Figure imgf000212_0001
[00962] To further examine the enrichment of GWAS SNPs in regulatory DNA, all non-coding GWAS SNPs were systematically classified by the quality of their experimental replication. This disclosed 2,436 unreplicated SNPs; 2,374 'internally-replicated' SNPs (confirmed in a second population in the initial publication); and 324 'externally-replicated' SNPs (confirmed in an independent study) (Maurano et al., 2012). A monotonic increase in the proportion of disease/trait variants localizing in DHSs was observed with increasing quality of GWAS SNP experimental replication (Fig. 44B), as well as with increasing strength of association and study sample size (Maurano et al, 2012). Fig. 44B illustrates proportions of GWAS SNPs overlapping DHSs after partitioning by degree of replication. In another exemplary analysis (Maurano et al., 2012), enrichment for regulatory DNA was observed to increase with strength of association, as demonstrated by an increasing percentage of GWAS SNPs in DHSs with increasing -log(P- value) and sample size. These progressive enrichments parallel Fig. 44B. For externally replicated non-coding SNPs, 69.8% lie within a DHS (n=226, P < 10"14, simulation, Maurano et al., 2012). To exclude the influence of population stratification, the fixation index in African and European populations was compared between GWAS SNPs in DHSs and matched SNPs not in DHSs and found to be nearly identical (FST=0.0843 VS. 0.0847, respectively). The monotonic relationship between evidence for association and SNP concentration in DHSs strongly suggests that many variants are functional and that unreplicated or weaker associations may obscure the true degree of enrichment in DHSs.
[00963] Methods.
[00964] Disease- and trait-associated variants from GWAS.

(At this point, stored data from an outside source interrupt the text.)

lemma card_window_colours:
  assumes "colouring_walk W E cs" "D \<subseteq> W" "finite D"
  shows "card (window_colours D k cs) \<le> card D + k"
  using assms(1)
proof (induction cs arbitrary: k rule: induct_list012)
  case (2 c)
  show ?case using card_image_le[OF \<open>finite D\<close>, of c] by simp
next
  case (3 c c' cs)
  obtain u where u: "{v\<in>W. c v \<noteq> c' v} = {u}"
    using "3.prems" by (auto simp: card_1_singleton_iff)
  show ?case
  proof (cases "changes_on D c c'")
    case False
    then have "c ` D = c' ` D" by (auto simp: changes_on_def intro: image_cong)
    then show ?thesis
      using "3.IH"(2)[of k] "3.prems" False image_subset_window_colours[of "c' # cs" D k]
      by (simp add: Un_absorb1)
  next
    case True
    show ?thesis
    proof (cases k)
      case 0
      then show ?thesis using True card_image_le[OF \<open>finite D\<close>, of c] by simp
    next
      case (Suc k')
      have "c v \<in> c' ` D \<union> {c u}" if "v \<in> D" for v
      proof (cases "v = u")
        case False
        then have "c v = c' v" using u that \<open>D \<subseteq> W\<close> by blast
        then show ?thesis using that by simp
      qed simp
      then have "c ` D \<subseteq> c' ` D \<union> {c u}" by blast
      then have "window_colours D k (c # c' # cs) \<subseteq> insert (c u) (window_colours D k' (c' # cs))"
        using True Suc image_subset_window_colours[of "c' # cs" D k'] by auto
      then have "card (window_colours D k (c # c' # cs)) \<le> card (insert (c u) (window_colours D k' (c' # cs)))"
        by (simp add: card_mono finite_window_colours[OF \<open>finite D\<close>])
      also have "\<dots> \<le> Suc (card (window_colours D k' (c' # cs)))"
        by (simp add: card_insert_if finite_window_colours[OF \<open>finite D\<close>])
      finally show ?thesis using "3.IH"(2)[of k'] "3.prems" Suc by simp
    qed
  qed
qed simp

section \<open>Adding a vertex to a recolouring sequence\<close>

lemma adj_commute: "adj E u v \<longleftrightarrow> adj E v u"
  by (simp add: adj_def insert_commute)

context
  fixes W :: "'a set" and E :: "'a set set" and x :: 'a and D :: "'a set"
  assumes x_notin_W: "x \<notin> W" and no_loop: "\<not> adj E x x" and D_eq: "D = {u \<in> W. adj E x u}"
begin

lemma colouring5_insert:
  assumes "colouring5 W E c" "y \<in> {1..5}" "y \<notin> c ` D"
  shows "colouring5 (insert x W) E (c(x := y))"
  unfolding colouring5_def
proof (intro conjI ballI impI)
  fix v assume "v \<in> insert x W"
  then show "(c(x := y)) v \<in> {1..5}" using assms by (auto simp: colouring5_def)
next
  fix u v assume "u \<in> insert x W" "v \<in> insert x W" "adj E u v"
  then show "(c(x := y)) u \<noteq> (c(x := y)) v"
    using assms no_loop D_eq adj_commute[of E u v] by (auto simp: colouring5_def)
qed

lemma card_diff_fun_upd_same:
  "card {v \<in> insert x W. (c(x := y)) v \<noteq> (c'(x := y)) v} = card {v \<in> W. c v \<noteq> c' v}"
proof -
  have "{v \<in> insert x W. (c(x := y)) v \<noteq> (c'(x := y)) v} = {v \<in> W. c v \<noteq> c' v}"
    using x_notin_W by auto
  then show ?thesis by simp
qed

lemma card_diff_fun_upd_other:
  "y \<noteq> y' \<Longrightarrow> card {v \<in> insert x W. (c(x := y)) v \<noteq> (c(x := y')) v} = 1"
proof -
  assume "y \<noteq> y'"
  then have "{v \<in> insert x W. (c(x := y)) v \<noteq> (c(x := y')) v} = {x}"
    using x_notin_W by auto
  then show ?thesis by simp
qed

[00965] The GWAS SNP set used for analysis was derived from the NHG I GWAS Catalog, downloaded on January 4, 2012. The catalog is a continually-updated compendium of GWAS which lists the single SNP from each gene or region with the strongest disease association identified by the studies. Each study attempted to assay at least 100,000 SNPs across the genome. The catalog contained 6,896 entries at the time of download. SNPs mapping outside the main chromosome contigs, including the "random" chromosome fragments, SNPs without coordinates in the GRCh37/hgl9 human genome assembly, SNPs without a dbSNP ID, and records which were a combination of multiple SNPs associated with a disease or trait were excluded. The catalog contained data from 920 publications mapping 679 total diseases or traits. There were 6,011 unique SNP-disease/trait combinations; as some SNPs have been associated with more than one disease or trait, these represent 5,386 unique dbSNP IDs. Of these, 5,654 associations and 5,134 SNPs were in noncoding regions (Maurano et al., 2012). Coding regions were defined by the CCDS Project (downloaded from the UCSC genome browser at
http://hgdownload.cse.ucsc.edu/goldenPath/hgl9/database/ccdsGene.txt.gz on March 5, 2011).
[00966] For some analyses, SNPs were grouped into classes of similar diseases or traits, namely, aging-related; autoimmune disease; cancer; cardiovascular diseases and traits; diabetes-related; drug metabolism; hematological; kidney, lung, or liver; lipids, miscellaneous,
neurological/behavioral; parasitic or bacterial disease; quantitative traits; radiographic (primarily bone density); serum metabolites; and viral disease.
[00967] Identification of replicated GWAS associations.
[00968] Not all reported associations from GWAS studies are replicated when tested in subsequent studies of the same disease or trait. It was examined whether associations with stronger evidence were more likely to map to DNasel hypersensitive sites (DHSS). Data in the GWAS catalog was tabulated and the SNPs divided into three overlapping classes (Maurano et al, 2012) whose associations had varying levels of experimental support. SNPs were classified as "internally replicated" if the association was confirmed in a second replication population within the study as noted in the NHGRI GWAS Catalog. An association was classed as "externally replicated" if an association was observed in a second publication linking the same disease or trait to the same SNP. Associations which were not yet replicated by a second sample population within the study or by an independent study were classed as "un-replicated". A SNP could be included in both the "internally replicated" and "externally replicated" class; in such cases it was treated as externally replicated for the purpose of analysis.
[00969] DNasel mapping.
[00970] DNasel mapping was conducted on cultured cells, primary hematopoietic cells, and isolated fetal tissues using appropriate nuclei isolation protocols (Table 7). Because the cell culture and isolation and handling protocols differ for different cell types, they are not included here but rather are all available online and indexed with URLs in Table 7.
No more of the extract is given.